Initialize package libraries

#install.packages("usethis")
#install.packages("rmdformats")
library(usethis)
library(magrittr)
library(highcharter)
library(explore)
library(dplyr)
library(DataExplorer)
library(skimr)
library(rmdformats)
library(readr)
library(DT)
library(ggplot2)
library(pastecs)
library(corrplot)

# Connect RStudio to Git client
# usethis::create_from_github(
#  "https://github.com/dezzygc/WineData.git", destdir = "./wine_repo")

# Import dataset
wine_df <- read_csv("red_wine_data.csv")
#as_tibble(wine_df)
datatable(wine_df)

Data diagnostics

Check NA values
Check highly correlated feature variables
Assess balance and distribution

# wine_df %>% explore()
# wine_df %>% report(output_file = "report.html", output_dir = getwd())

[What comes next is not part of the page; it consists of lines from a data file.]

text \<open>Truncated Hilbert integral and the principal value Hilbert transform
  Hf(x) = p.v. int f(y)/(x-y) dy  (no 1/pi normalisation), as a limit eps -> 0+.\<close>
definition hilbert :: "(real \<Rightarrow> real) \<Rightarrow> real \<Rightarrow> real" where
  "hilbert f x = Lim (at_right 0)
     (\<lambda>\<epsilon>. LINT y|lebesgue. indicator {y. \<epsilon> < \<bar>x - y\<bar>} y * f y / (x - y))"

definition commH :: "(real \<Rightarrow> real) \<Rightarrow> (real \<Rightarrow> real) \<Rightarrow> real \<Rightarrow> real" where
  "commH b f x = b x * hilbert f x - hilbert (\<lambda>y. b y * f y) x"

definition in_Lp :: "real \<Rightarrow> (real \<Rightarrow> real) \<Rightarrow> bool" where
  "in_Lp p f \<longleftrightarrow> f \<in> borel_measurable lebesgue \<and> integrable lebesgue (\<lambda>x. \<bar>f x\<bar> powr p)"

definition Lp_norm :: "real \<Rightarrow> (real \<Rightarrow> real) \<Rightarrow> real" where
  "Lp_norm p f = (LINT x|lebesgue. \<bar>f x\<bar> powr p) powr (1 / p)"

text \<open>Weak L^p quasi-norm sup_{lambda>0} lambda |{|g|>lambda}|^(1/p), computed as
  (sup_{lambda>0} lambda^p |{|g|>lambda}|)^(1/p), with value infinity allowed.\<close>
definition weakLp_norm :: "real \<Rightarrow> (real \<Rightarrow> real) \<Rightarrow> ereal" where
  "weakLp_norm p g =
     (let M = (SUP t\<in>{0<..}. ennreal (t powr p) * emeasure lebesgue {x. t < \<bar>g x\<bar>})
      in if M = \<infinity> then \<infinity> else ereal (enn2real M powr (1 / p)))"

definition op_norm_Lp_weak :: "real \<Rightarrow> ((real \<Rightarrow> real) \<Rightarrow> (real \<Rightarrow> real)) \<Rightarrow> ereal" where
  "op_norm_Lp_weak p T =
     (SUP f\<in>{f. in_Lp p f \<and> Lp_norm p f > 0}. weakLp_norm p (T f) / ereal (Lp_norm p f))"

end

theory Submission
  imports Defs
begin

text \<open>Test both operators on indicators of intervals and look just to the left of the support.
  For f = 1 on [d,1] with d = exp(-2p), so that the L^p norm of f is at most 1, and -d < x < 0,
  the kernel 1/(y - x) is at least 1/(2y) on [d,1]; hence |Hf(x)| \<ge> ln(1/d)/2 = p and
  |[ln|.|, H]f(x)| \<ge> (ln d)^2/4 = p^2. The set (-d,0) has measure d and d^(1/p) = exp(-2),
  which gives the bounds of order p and p^2. For p' take f = 1 on [1,2] and A = exp(2/(p-1)):
  on (-2A,-A) the commutator has size ln A / A, and (ln A / A) A^(1/p) is of order 1/(p-1).
  The analytic input is that for a density Lipschitz on [a,b] the principal value exists
  off {a,b}, which makes these outputs Lebesgue measurable.\<close>

lemma
  fixes F :: "real \<Rightarrow> real"
  assumes "continuous_on {c..d} F"
  shows integrable_indicator_continuous_interval:
      "integrable lebesgue (\<lambda>y. indicator {c..d} y * F y)"
    and lebesgue_integral_indicator_continuous_interval:
      "(LINT y|lebesgue. indicator {c..d} y * F y) = integral {c..d} F"
proof -
  have si: "set_integrable lebesgue {c..d} F"
    using absolutely_integrable_continuous_real[OF assms] .
  then show "integrable lebesgue (\<lambda>y. indicator {c..d} y * F y)"
    by (simp add: set_integrable_def)
  show "(LINT y|lebesgue. indicator {c..d} y * F y) = integral {c..d} F"
    using set_lebesgue_integral_eq_integral(2)[OF si] by (simp add: set_lebesgue_integral_def)
qed

lemma integral_real_derivative:
  fixes f f' :: "real \<Rightarrow> real"
  assumes "c \<le> d" "\<And>x. x \<in> {c..d} \<Longrightarrow> (f has_real_derivative f' x) (at x)"
  shows "integral {c..d} f' = f d - f c"
proof -
  have "(f' has_integral (f d - f c)) {c..d}"
    using assms by (intro fundamental_theorem_of_calculus)
      (simp_all add: has_real_derivative_iff_has_vector_derivative[symmetric] has_field_derivative_at_within)
  then show ?thesis by (rule integral_unique)
qed

subsection \<open>Principal values of Lipschitz densities on an interval\<close>

definition trunc_hilbert :: "real \<Rightarrow> (real \<Rightarrow> real) \<Rightarrow> real \<Rightarrow> real" where
  "trunc_hilbert \<epsilon> f x = (LINT y|lebesgue. indicator {y. \<epsilon> < \<bar>x - y\<bar>} y * f y / (x - y))"

lemma hilbert_eqI: "((\<lambda>\<epsilon>. trunc_hilbert \<epsilon> f x) \<longlongrightarrow> c) (at_right 0) \<Longrightarrow> hilbert f x = c"
  unfolding hilbert_def trunc_hilbert_def by (rule tendsto_Lim) auto

lemma
  fixes a b x e :: real
  assumes "a < x" "x < b" "0 < e" "e < x - a" "e < b - x"
  shows integrable_trunc_hilbert_kernel_interval:
      "integrable lebesgue (\<lambda>y. indicator {y. e < \<bar>x - y\<bar>} y * indicator {a..b} y / (x - y))"
    and trunc_hilbert_indicator_interval:
      "trunc_hilbert e (indicator {a..b}) x = ln (x - a) - ln (b - x)"
proof -
  have c1: "continuous_on {a..x-e} (\<lambda>y. 1 / (x - y))" and c2: "continuous_on {x+e..b} (\<lambda>y. 1 / (x - y))"
    using assms by (intro continuous_intros; auto)+
  have i1: "integral {a..x-e} (\<lambda>y. 1 / (x - y)) = ln (x - a) - ln e"
  proof -
    have "integral {a..x-e} (\<lambda>y. 1 / (x - y)) = (- ln (x - (x - e))) - (- ln (x - a))"
      using assms by (intro integral_real_derivative) (auto intro!: derivative_eq_intros)
    then show ?thesis by simp
  qed
  have i2: "integral {x+e..b} (\<lambda>y. 1 / (x - y)) = ln e - ln (b - x)"
  proof -
    have "integral {x+e..b} (\<lambda>y. 1 / (x - y)) = (- ln (b - x)) - (- ln ((x + e) - x))"
      using assms by (intro integral_real_derivative)
        (auto intro!: derivative_eq_intros simp: minus_divide_right)
    then show ?thesis by simp
  qed
  have ae: "AE y in lebesgue. indicator {y. e < \<bar>x - y\<bar>} y * indicator {a..b} y / (x - y)
      = indicator {a..x-e} y * (1 / (x - y)) + indicator {x+e..b} y * (1 / (x - y))"
  proof -
    have "AE y in lebesgue. y \<noteq> x - e \<and> y \<noteq> x + e"
      by (intro AE_completion AE_conjI AE_lborel_singleton)
    then show ?thesis
      by eventually_elim (use assms in \<open>auto simp: indicator_def\<close>)
  qed
  have int: "integrable lebesgue (\<lambda>y. indicator {a..x-e} y * (1 / (x - y)) + indicator {x+e..b} y * (1 / (x - y)))"
    using integrable_indicator_continuous_interval[OF c1] integrable_indicator_continuous_interval[OF c2]
    by simp
  have meas: "(\<lambda>y. indicator {y. e < \<bar>x - y\<bar>} y * indicator {a..b} y / (x - y)) \<in> borel_measurable lebesgue"
    by (rule measurable_completion) measurable
  show "integrable lebesgue (\<lambda>y. indicator {y. e < \<bar>x - y\<bar>} y * indicator {a..b} y / (x - y))"
    using integrable_cong_AE_imp[OF int meas] ae by (simp add: eq_commute)
  have "trunc_hilbert e (indicator {a..b}) x
     = (LINT y|lebesgue. indicator {a..x-e} y * (1 / (x - y)) + indicator {x+e..b} y * (1 / (x - y)))"
    unfolding trunc_hilbert_def by (rule integral_cong_AE[OF meas _ ae]) (use int in auto)
  also have "\<dots> = ln (x - a) - ln (b - x)"
    using lebesgue_integral_indicator_continuous_interval[OF c1]
      lebesgue_integral_indicator_continuous_interval[OF c2]
      integrable_indicator_continuous_interval[OF c1]
      integrable_indicator_continuous_interval[OF c2] i1 i2
    by (simp add: Bochner_Integration.integral_add)
  finally show "trunc_hilbert e (indicator {a..b}) x = ln (x - a) - ln (b - x)" .
qed

text \<open>The principal value of the integral of g y / (x - y) over [a,b]: for a < x < b the term g x
  is split off, leaving an absolutely integrable kernel, and the principal value of the
  remaining 1/(x - y) is ln (x - a) - ln (b - x).\<close>
definition pv_interval :: "(real \<Rightarrow> real) \<Rightarrow> real \<Rightarrow> real \<Rightarrow> real \<Rightarrow> real" where
  "pv_interval g a b x =
     (LINT y|lebesgue. indicator {a..b} y * (g y - g x * indicator {a<..<b} x) / (x - y))
     + indicator {a<..<b} x * g x * (ln (x - a) - ln (b - x))"

lemma trunc_hilbert_eventually_eq_pv_interval:
  assumes "x < a \<or> b < x"
  shows "\<forall>\<^sub>F e in at_right 0. trunc_hilbert e (\<lambda>y. g y * indicator {a..b} y) x = pv_interval g a b x"
proof -
  define d where "d = (if x < a then a - x else x - b)"
  have "d > 0" using assms by (auto simp: d_def)
  then show ?thesis
  proof (rule eventually_at_right_real[THEN eventually_mono])
    fix e assume e: "e \<in> {0<..<d}"
    have "y \<in> {a..b} \<Longrightarrow> e < \<bar>x - y\<bar>" for y
      using assms e by (auto simp: d_def)
    then have "(\<lambda>y. indicator {y. e < \<bar>x - y\<bar>} y * (g y * indicator {a..b} y) / (x - y))
        = (\<lambda>y. indicator {a..b} y * (g y - g x * indicator {a<..<b} x) / (x - y))"
      using assms by (auto simp: indicator_def)
    moreover have "indicator {a<..<b} x = (0::real)"
      using assms by (auto simp: indicator_def)
    ultimately show "trunc_hilbert e (\<lambda>y. g y * indicator {a..b} y) x = pv_interval g a b x"
      using assms by (simp add: trunc_hilbert_def pv_interval_def)
  qed
qed

lemma trunc_hilbert_pv_interval_estimate:
  assumes g[measurable]: "g \<in> borel_measurable borel" and lip: "L-lipschitz_on {a..b} g"
    and x: "a < x" "x < b" and e: "0 < e" "e < x - a" "e < b - x"
  shows "\<bar>trunc_hilbert e (\<lambda>y. g y * indicator {a..b} y) x - pv_interval g a b x\<bar> \<le> 2 * L * e"
proof -
  have L0: "0 \<le> L" using lip by (simp add: lipschitz_on_def)
  define K where "K y = indicator {a..b} y * (g y - g x) / (x - y)" for y
  have K_bound: "\<bar>K y\<bar> \<le> indicator {a..b} y * L" for y
  proof (cases "y \<in> {a..b} \<and> y \<noteq> x")
    case True
    have "\<bar>K y\<bar> = \<bar>g y - g x\<bar> / \<bar>x - y\<bar>" using True by (simp add: K_def abs_divide)
    also have "\<dots> \<le> L * \<bar>y - x\<bar> / \<bar>x - y\<bar>"
      using lipschitz_onD[OF lip, of y x] True x by (intro divide_right_mono) (auto simp: dist_real_def)
    also have "\<dots> = L" using True by (simp add: abs_minus_commute)
    finally show ?thesis using True by simp
  next
    case False then show ?thesis using L0 by (auto simp: K_def indicator_def)
  qed
  have K_meas[measurable]: "K \<in> borel_measurable lebesgue"
    unfolding K_def by (rule measurable_completion) measurable
  have bound_int: "integrable lebesgue (\<lambda>y. indicator {a..b} y * L)"
    using integrable_indicator_continuous_interval[of a b "\<lambda>_. L"] by simp
  have K_int: "integrable lebesgue K"
    by (rule Bochner_Integration.integrable_bound[OF bound_int K_meas]) (use K_bound L0 in auto)
  define Ke where "Ke y = indicator {y. e < \<bar>x - y\<bar>} y * K y" for y
  have Ke_meas: "Ke \<in> borel_measurable lebesgue"
    unfolding Ke_def K_def by (rule measurable_completion) measurable
  have "norm (Ke y) \<le> norm (indicator {a..b} y * L)" for y
    using K_bound[of y] L0 by (auto simp: Ke_def indicator_def)
  then have Ke_int: "integrable lebesgue Ke"
    by (intro Bochner_Integration.integrable_bound[OF bound_int Ke_meas] AE_I2)
  define J where "J y = indicator {y. e < \<bar>x - y\<bar>} y * indicator {a..b} y / (x - y)" for y
  have J_int: "integrable lebesgue J"
    unfolding J_def by (rule integrable_trunc_hilbert_kernel_interval[OF x e])
  have "indicator {y. e < \<bar>x - y\<bar>} y * (g y * indicator {a..b} y) / (x - y) = Ke y + g x * J y" for y
    by (auto simp: Ke_def K_def J_def indicator_def diff_divide_distrib)
  then have "trunc_hilbert e (\<lambda>y. g y * indicator {a..b} y) x = (LINT y|lebesgue. Ke y + g x * J y)"
    by (simp add: trunc_hilbert_def)
  also have "\<dots> = (LINT y|lebesgue. Ke y) + g x * (LINT y|lebesgue. J y)"
    using Ke_int J_int by simp
  also have "(LINT y|lebesgue. J y) = ln (x - a) - ln (b - x)"
    using trunc_hilbert_indicator_interval[OF x e] by (simp add: J_def trunc_hilbert_def)
  finally have "trunc_hilbert e (\<lambda>y. g y * indicator {a..b} y) x - pv_interval g a b x
      = (LINT y|lebesgue. Ke y - K y)"
    using x Ke_int K_int by (simp add: pv_interval_def K_def[symmetric] Bochner_Integration.integral_diff)
  also have "\<bar>\<dots>\<bar> \<le> (LINT y|lebesgue. indicator {x-e..x+e} y * L)"
  proof (rule integral_abs_bound_integral)
    show "integrable lebesgue (\<lambda>y. Ke y - K y)" using Ke_int K_int by simp
    show "integrable lebesgue (\<lambda>y. indicator {x-e..x+e} y * L)"
      using integrable_indicator_continuous_interval[of "x-e" "x+e" "\<lambda>_. L"] by simp
    show "\<bar>Ke y - K y\<bar> \<le> indicator {x - e..x + e} y * L" for y
      using K_bound[of y] L0 by (cases "y \<in> {a..b}") (auto simp: Ke_def indicator_def)
  qed
  also have "\<dots> = 2 * L * e"
    using lebesgue_integral_indicator_continuous_interval[of "x-e" "x+e" "\<lambda>_. L"] e by simp
  finally show ?thesis .
qed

# explore structure of dataframe, compute summary descriptives and examine quantiles/distribution
skim(wine_df)

Data summary
Name	wine_df
Number of rows	1599
Number of columns	12
_______________________
Column type frequency:
numeric	12
________________________
Group variables	None

Variable type: numeric

skim_variable	complete_rate	mean	sd	p0	p25	p50	p75	p100	hist
fixedAcidity	1	8.32	1.74	4.60	7.10	7.90	9.20	15.90	▂▇▂▁▁
volatileAcidity	1	0.53	0.18	0.12	0.39	0.52	0.64	1.58	▅▇▂▁▁
citricAcid	1	0.27	0.19	0.00	0.09	0.26	0.42	1.00	▇▆▅▁▁
residualSugar	1	2.54	1.41	0.90	1.90	2.20	2.60	15.50	▇▁▁▁▁
chlorides	1	0.09	0.05	0.01	0.07	0.08	0.09	0.61	▇▁▁▁▁
freeSulfurDioxide	1	15.87	10.46	1.00	7.00	14.00	21.00	72.00	▇▅▁▁▁
totalSulfurDioxide	1	46.47	32.90	6.00	22.00	38.00	62.00	289.00	▇▂▁▁▁
density	1	1.00	0.00	0.99	1.00	1.00	1.00	1.00	▁▃▇▂▁
pH	1	3.31	0.15	2.74	3.21	3.31	3.40	4.01	▁▅▇▂▁
sulphates	1	0.66	0.17	0.33	0.55	0.62	0.73	2.00	▇▅▁▁▁
alcohol	1	10.42	1.07	8.40	9.50	10.20	11.10	14.90	▇▇▃▁▁
quality	1	5.64	0.81	3.00	5.00	6.00	6.00	8.00	▁▇▇▂▁

Check for Missing Values

No missing values for all variables.

ggplot(wine_df, aes(quality)) +
  geom_histogram(color = "#000000", fill = "#0099F8", bins = 8) +
  labs(
    title = "Histogram of Wine Quality Rating",
    caption = "Source: Wine dataset",
    x = "Quality Rating",
    y = "Count") +
  theme_classic() +
theme(
  plot.title = element_text(color = "#0099F8", size = 14, face = "bold"),
    plot.subtitle = element_text(size = 10, face = "bold"),
    plot.caption = element_text(face = "italic")
)

Calculate the bin width by dividing the specification tolerance or range (USL-LSL or Max-Min value) by the # of bins (and rounding up)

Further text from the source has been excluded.